Non-consecutive added token '{token}' found.

Question

Non-consecutive added token '{token}' found.

chicuong209 opened this issue 4 years ago · 10 comments

As the title. I meet the below error when using PhoBertTokenizer for Vietnamese Question Answering task. Could you please help me to fix it ? Thank you.
f"Non-consecutive added token '{token}' found. " AssertionError: Non-consecutive added token '<mask>' found. Should have index 5 but has index 64000 in saved vocabulary.
Btw, i have tried to set self.encoder[self.mask_token] = 4, the training process can run normally, but it doesn't seem a right way.

Answer 1 · 2020-09-16T04:13:25.000Z

Please could you provide more details (data, scripts, .... as much as you can) ?
Probably you saved a dictionary and then tried to reload it?

Answer 2 · 2020-09-16T04:36:52.000Z

Please could you provide more details (data, scripts, .... as much as you can) ?
Probably you saved a dictionary and then tried to reload it?

The data is the SQuAD v1.1 dataset that was translated into Vietnamese. I use run_squad.py from huggingface examples, but I call directly PhoBertConfig, PhoBertTokenizer and PhoBertModelForQuestionAnswering instead of using AutoConfig, AutoTokenizer, and AutoModelForQuestionAnswering.
Yes, the dictionary is saved and reloaded.

Answer 3 · 2020-09-16T04:42:24.000Z

Then you should skip step 2.
Download the dictionary and bpe files from https://huggingface.co/vinai/phobert-base#list-files and load the tokenizer using: tokenizer=PhoBertTokenizer(path-to-dictionay-file, path-to-bpe-file)

Answer 4 · 2020-09-16T04:43:24.000Z

How come you'd need to save and reload the dictionary ? It's pretty weird :|

Answer 5 · 2020-09-16T05:01:34.000Z

Then you should skip step 2.
Download the dictionary and bpe files from https://huggingface.co/vinai/phobert-base#list-files and load the tokenizer using: tokenizer=PhoBertTokenizer(path-to-dictionay-file, path-to-bpe-file)

ok. I'll try it now

Answer 6 · 2020-09-21T02:48:04.000Z

I have same issue with him. PhoBert model is ok but tokenizer was not found.
The error is as below:
OSError: Model name 'vinai/phobert-base' was not found in tokenizers model name list (roberta-base, roberta-large, roberta-large-mnli, distilroberta-base, roberta-base-openai-detector, roberta-large-openai-detector). We assumed 'vinai/phobert-base' was a path, a model identifier, or url to a directory containing vocabulary files named ['vocab.json', 'merges.txt'] but couldn't find such vocabulary files at this path or url.
I think many people will meet this issue so I post it here :D thanks for your kindly response :D

Answer 7 · 2020-09-21T03:07:27.000Z

Please install transformers from its latest source:

git clone https://github.com/huggingface/transformers.git
cd transformers
pip3 install --upgrade .

And also clean/remove your transformers folder in ~/.cache/torch, so it'd automatically re-download PhoBERT properly. It should work.

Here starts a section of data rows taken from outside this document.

lemma size_without_sixth_point:
  fixes A :: "(real^3) set multiset"
  assumes points_A: "set_mset A \<subseteq> proj_points" and locked: "\<And>y. y \<in># A \<Longrightarrow> locked A y"
    and five: "set_mset A = {a, b, c, d, e}"
  shows "9 \<le> size A"
proof -
  have twice: "2 \<le> count A y" if "y \<in> {b, c, d, e}" for y
  proof (rule ccontr)
    assume "\<not> 2 \<le> count A y"
    moreover have "y \<in># A"
      using that five by auto
    moreover have "0 < count A y"
      using \<open>y \<in># A\<close> by simp
    ultimately have "count A y = 1"
      by linarith
    moreover have "y \<noteq> a"
      using that distinct(3-6) by blast
    moreover have "y \<subseteq> proj_line b c \<or> y \<subseteq> proj_line d e"
      using that by (intro on_crossing_lines) simp
    moreover have "z \<subseteq> proj_line b c \<or> z \<subseteq> proj_line d e" if "z \<in># A" for z
      using that five by (intro on_crossing_lines) simp
    ultimately have "\<not> locked A y"
      by (intro not_locked_on_crossing_lines[OF points_A])
    then show False
      using locked \<open>y \<in># A\<close> by blast
  qed
  have "1 \<le> count A a" "2 \<le> count A b" "2 \<le> count A c" "2 \<le> count A d" "2 \<le> count A e"
    using five twice by (simp_all add: Suc_le_eq)
  moreover have "size A = count A a + count A b + count A c + count A d + count A e"
    unfolding size_multiset_overloaded_eq five using distinct distinct_points by simp
  ultimately show ?thesis
    by linarith
qed

lemma off_second_line: "y \<in> {a, b, c, d, e} \<Longrightarrow> \<not> y \<subseteq> proj_line d e \<Longrightarrow> y \<in> {b, c}"
  using on_lines(2) proj_line_upper1[of d e] proj_line_upper2[of e d] by blast

lemma off_first_line: "y \<in> {a, b, c, d, e} \<Longrightarrow> \<not> y \<subseteq> proj_line b c \<Longrightarrow> y \<in> {d, e}"
  using on_lines(1) proj_line_upper1[of b c] proj_line_upper2[of c b] by blast

lemma sixth_point_off_lines:
  fixes A :: "(real^3) set multiset"
  assumes points_A: "set_mset A \<subseteq> proj_points" and simple: "count A f = 1"
    and locked: "locked A f" and "f \<noteq> a"
    and others: "\<And>y. y \<in># A \<Longrightarrow> y \<noteq> f \<Longrightarrow> y \<in> {a, b, c, d, e}"
  shows "\<not> f \<subseteq> proj_line b c \<and> \<not> f \<subseteq> proj_line d e"
proof -
  have "z \<subseteq> proj_line b c \<or> z \<subseteq> proj_line d e" if "z \<in># A" "z \<noteq> f" for z
    using others[OF that] by (rule on_crossing_lines)
  then show ?thesis
    using not_locked_on_crossing_lines[OF points_A simple \<open>f \<noteq> a\<close>] locked by blast
qed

Answer 8 · 2020-09-21T03:17:55.000Z

Please install transformers from its latest source:
git clone https://github.com/huggingface/transformers.git
cd transformers
pip3 install --upgrade .
And also clean/remove your transformers folder in ~/.cache/torch, so it'd automatically re-download PhoBERT properly. It should work.

@chicuong209 if there is any problem, you might want to follow the above instruction. I'm pretty sure PhoBERT would work without any loading issue.

Answer 9 · 2020-09-21T06:22:53.000Z

Please install transformers from its latest source:
git clone https://github.com/huggingface/transformers.git
cd transformers
pip3 install --upgrade .
And also clean/remove your transformers folder in ~/.cache/torch, so it'd automatically re-download PhoBERT properly. It should work.

Thank you, it works for me.

Answer 10 · 2020-09-21T06:24:22.000Z

Please install transformers from its latest source:
git clone https://github.com/huggingface/transformers.git
cd transformers
pip3 install --upgrade .
And also clean/remove your transformers folder in ~/.cache/torch, so it'd automatically re-download PhoBERT properly. It should work.
Thank you, it works for me. The problem is I think it will be download PhoBERT automatically when I run command to install transformers from pip.